Exercise material
(* Let $\{M_i\}_{i\in I}$ be a family of complete pointed metric spaces, let $M=\coprod_{i\in I}M_i$ be their metric sum, and let $Y$ be a real Banach space. Then the following are equivalent: (a) $\mathrm{A}(M_i,Y)$ is dense in $\mathrm{Lip}_0(M_i,Y)$ for every $i\in I$; (b) $\mathrm{A}(M,Y)$ is dense in $\mathrm{Lip}_0(M,Y)$.
   Context: Throughout, metric spaces are complete and pointed, with base point $0$. $\mathrm{Lip}_0(M,Y)$ is the Banach space of Lipschitz maps $f:M\to Y$ with $f(0)=0$, normed by $\|f\|=\sup_{p\neq q}\|f(p)-f(q)\|/d(p,q)$. A map $f$ attains its norm toward $y\in Y$ if there is a sequence $(p_n,q_n)$ in $M\times M$ with $p_n\neq q_n$ such that $[f(p_n)-f(q_n)]/d(p_n,q_n)\to y$ and $\|y\|=\|f\|$; $\mathrm{A}(M,Y)$ is the set of $f$ attaining their norm toward some vector. The metric sum $\coprod_{i\in I}M_i$ of pointed metric spaces $(M_i,d_i)$ is the disjoint union of the $M_i$ with all base points identified to a single base point $0$, with metric $d(p,q)=d_i(p,q)$ if $p,q\in M_i$, and $d(p,q)=d_i(p,0)+d_j(0,q)$ if $p\in M_i$, $q\in M_j$, $i\neq j$. *)

theory Defs
  imports "HOL-Analysis.Analysis"
begin

text \<open>A pointed metric space is given by a carrier set M, a metric d on M
(locale Metric_space) and a base point z in M.\<close>

definition lipnorm :: "'a set \<Rightarrow> ('a \<Rightarrow> 'a \<Rightarrow> real) \<Rightarrow> ('a \<Rightarrow> 'b::real_normed_vector) \<Rightarrow> real" where
  "lipnorm M d f = Sup {norm (f p - f q) / d p q | p q. p \<in> M \<and> q \<in> M \<and> p \<noteq> q}"

text \<open>Lip_0(M,Y): Lipschitz maps on M vanishing at the base point z
(taken to be 0 outside the carrier, so that each map is represented uniquely).\<close>
definition Lip0 :: "'a set \<Rightarrow> ('a \<Rightarrow> 'a \<Rightarrow> real) \<Rightarrow> 'a \<Rightarrow> ('a \<Rightarrow> 'b::real_normed_vector) set" where
  "Lip0 M d z = {f. f z = 0 \<and> (\<forall>x. x \<notin> M \<longrightarrow> f x = 0) \<and>
      (\<exists>C. \<forall>p\<in>M. \<forall>q\<in>M. norm (f p - f q) \<le> C * d p q)}"

definition attains_toward :: "'a set \<Rightarrow> ('a \<Rightarrow> 'a \<Rightarrow> real) \<Rightarrow> ('a \<Rightarrow> 'b::real_normed_vector) \<Rightarrow> 'b \<Rightarrow> bool" where
  "attains_toward M d f y \<longleftrightarrow>
     (\<exists>p q :: nat \<Rightarrow> 'a. (\<forall>n. p n \<in> M \<and> q n \<in> M \<and> p n \<noteq> q n) \<and>
        ((\<lambda>n. (1 / d (p n) (q n)) *\<^sub>R (f (p n) - f (q n))) \<longlonglongrightarrow> y) \<and>
        norm y = lipnorm M d f)"

definition NA :: "'a set \<Rightarrow> ('a \<Rightarrow> 'a \<Rightarrow> real) \<Rightarrow> 'a \<Rightarrow> ('a \<Rightarrow> 'b::real_normed_vector) set" where
  "NA M d z = {f \<in> Lip0 M d z. \<exists>y. attains_toward M d f y}"

definition dense_in_Lip0 :: "'a set \<Rightarrow> ('a \<Rightarrow> 'a \<Rightarrow> real) \<Rightarrow> 'a \<Rightarrow> ('a \<Rightarrow> 'b::real_normed_vector) set \<Rightarrow> bool" where
  "dense_in_Lip0 M d z S \<longleftrightarrow>
     (\<forall>f\<in>Lip0 M d z. \<forall>e>0. \<exists>g\<in>S. lipnorm M d (\<lambda>x. f x - g x) < e)"

text \<open>Metric sum of the family (M i, d i, z i), i in I: the base point is None,
a non-base point x of M i is Some (i, x).\<close>
definition msum_carrier :: "'i set \<Rightarrow> ('i \<Rightarrow> 'a set) \<Rightarrow> ('i \<Rightarrow> 'a) \<Rightarrow> ('i \<times> 'a) option set" where
  "msum_carrier I M z = insert None {Some (i, x) | i x. i \<in> I \<and> x \<in> M i \<and> x \<noteq> z i}"

definition msum_dist :: "('i \<Rightarrow> 'a \<Rightarrow> 'a \<Rightarrow> real) \<Rightarrow> ('i \<Rightarrow> 'a) \<Rightarrow>
    ('i \<times> 'a) option \<Rightarrow> ('i \<times> 'a) option \<Rightarrow> real" where
  "msum_dist d z p q = (case p of
      None \<Rightarrow> (case q of None \<Rightarrow> 0 | Some (j, y) \<Rightarrow> d j (z j) y)
    | Some (i, x) \<Rightarrow> (case q of None \<Rightarrow> d i x (z i)
        | Some (j, y) \<Rightarrow> (if i = j then d i x y else d i x (z i) + d j (z j) y)))"

end

theory Submission
  imports Defs
begin

text \<open>
  The Lipschitz norm of a map on the metric sum is the supremum of the norms of its restrictions
  to the components, and a difference quotient between points of two different components is a
  convex combination of difference quotients towards the base point, one in each component.

  (a) \<Longrightarrow> (b): given F, pick a component M i0 on which F has almost its full norm,
  approximate the restriction there by a norm-attaining g, and graft g onto a copy of F that is
  scaled down on the other components just enough to stay below the norm of g. The graft attains
  its norm through g.

  (b) \<Longrightarrow> (a): extend f on M i by zero and approximate the extension by a
  norm-attaining G. Quotients of G that do not involve M i are small, so along a sequence of
  quotients whose norms tend to the norm of G, the convex combinations are eventually dominated by
  quotients inside M i; hence the restriction of G to M i attains its norm.
\<close>

definition diff_quot :: "('a \<Rightarrow> 'a \<Rightarrow> real) \<Rightarrow> ('a \<Rightarrow> 'b::real_normed_vector) \<Rightarrow> 'a \<Rightarrow> 'a \<Rightarrow> 'b" where
  "diff_quot d f p q = (1 / d p q) *\<^sub>R (f p - f q)"

lemma attains_toward_iff_diff_quot:
  "attains_toward M d f y \<longleftrightarrow>
     (\<exists>p q. (\<forall>n. p n \<in> M \<and> q n \<in> M \<and> p n \<noteq> q n) \<and>
        (\<lambda>n. diff_quot d f (p n) (q n)) \<longlonglongrightarrow> y \<and> norm y = lipnorm M d f)"
  by (simp add: attains_toward_def diff_quot_def)

definition lipschitz_with ::
    "'a set \<Rightarrow> ('a \<Rightarrow> 'a \<Rightarrow> real) \<Rightarrow> real \<Rightarrow> ('a \<Rightarrow> 'b::real_normed_vector) \<Rightarrow> bool" where
  "lipschitz_with M d C f \<longleftrightarrow> (\<forall>p\<in>M. \<forall>q\<in>M. norm (f p - f q) \<le> C * d p q)"

lemma Lip0_iff:
  "f \<in> Lip0 M d z \<longleftrightarrow> f z = 0 \<and> (\<forall>x. x \<notin> M \<longrightarrow> f x = 0) \<and> (\<exists>C. lipschitz_with M d C f)"
  by (simp add: Lip0_def lipschitz_with_def)

lemma lipschitz_with_diff:
  assumes "lipschitz_with M d C f" "lipschitz_with M d C' g"
  shows "lipschitz_with M d (C + C') (\<lambda>x. f x - g x)"
  unfolding lipschitz_with_def
proof (intro ballI)
  fix p q assume "p \<in> M" "q \<in> M"
  have "norm ((f p - g p) - (f q - g q)) \<le> norm (f p - f q) + norm (g p - g q)"
    using norm_triangle_ineq4[of "f p - f q" "g p - g q"] by (simp add: algebra_simps)
  also have "\<dots> \<le> C * d p q + C' * d p q"
    using assms \<open>p \<in> M\<close> \<open>q \<in> M\<close> by (intro add_mono) (auto simp: lipschitz_with_def)
  finally show "norm ((f p - g p) - (f q - g q)) \<le> (C + C') * d p q"
    by (simp add: distrib_right)
qed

What is expected
Using the data above, print exactly the lines from the line that contains "The Lipschitz norm" through the line that contains "quotients whose norms", with both included.

Solution to the problem
  The Lipschitz norm of a map on the metric sum is the supremum of the norms of its restrictions
  to the components, and a difference quotient between points of two different components is a
  convex combination of difference quotients towards the base point, one in each component.

  (a) \<Longrightarrow> (b): given F, pick a component M i0 on which F has almost its full norm,
  approximate the restriction there by a norm-attaining g, and graft g onto a copy of F that is
  scaled down on the other components just enough to stay below the norm of g. The graft attains
  its norm through g.

  (b) \<Longrightarrow> (a): extend f on M i by zero and approximate the extension by a
  norm-attaining G. Quotients of G that do not involve M i are small, so along a sequence of
  quotients whose norms tend to the norm of G, the convex combinations are eventually dominated by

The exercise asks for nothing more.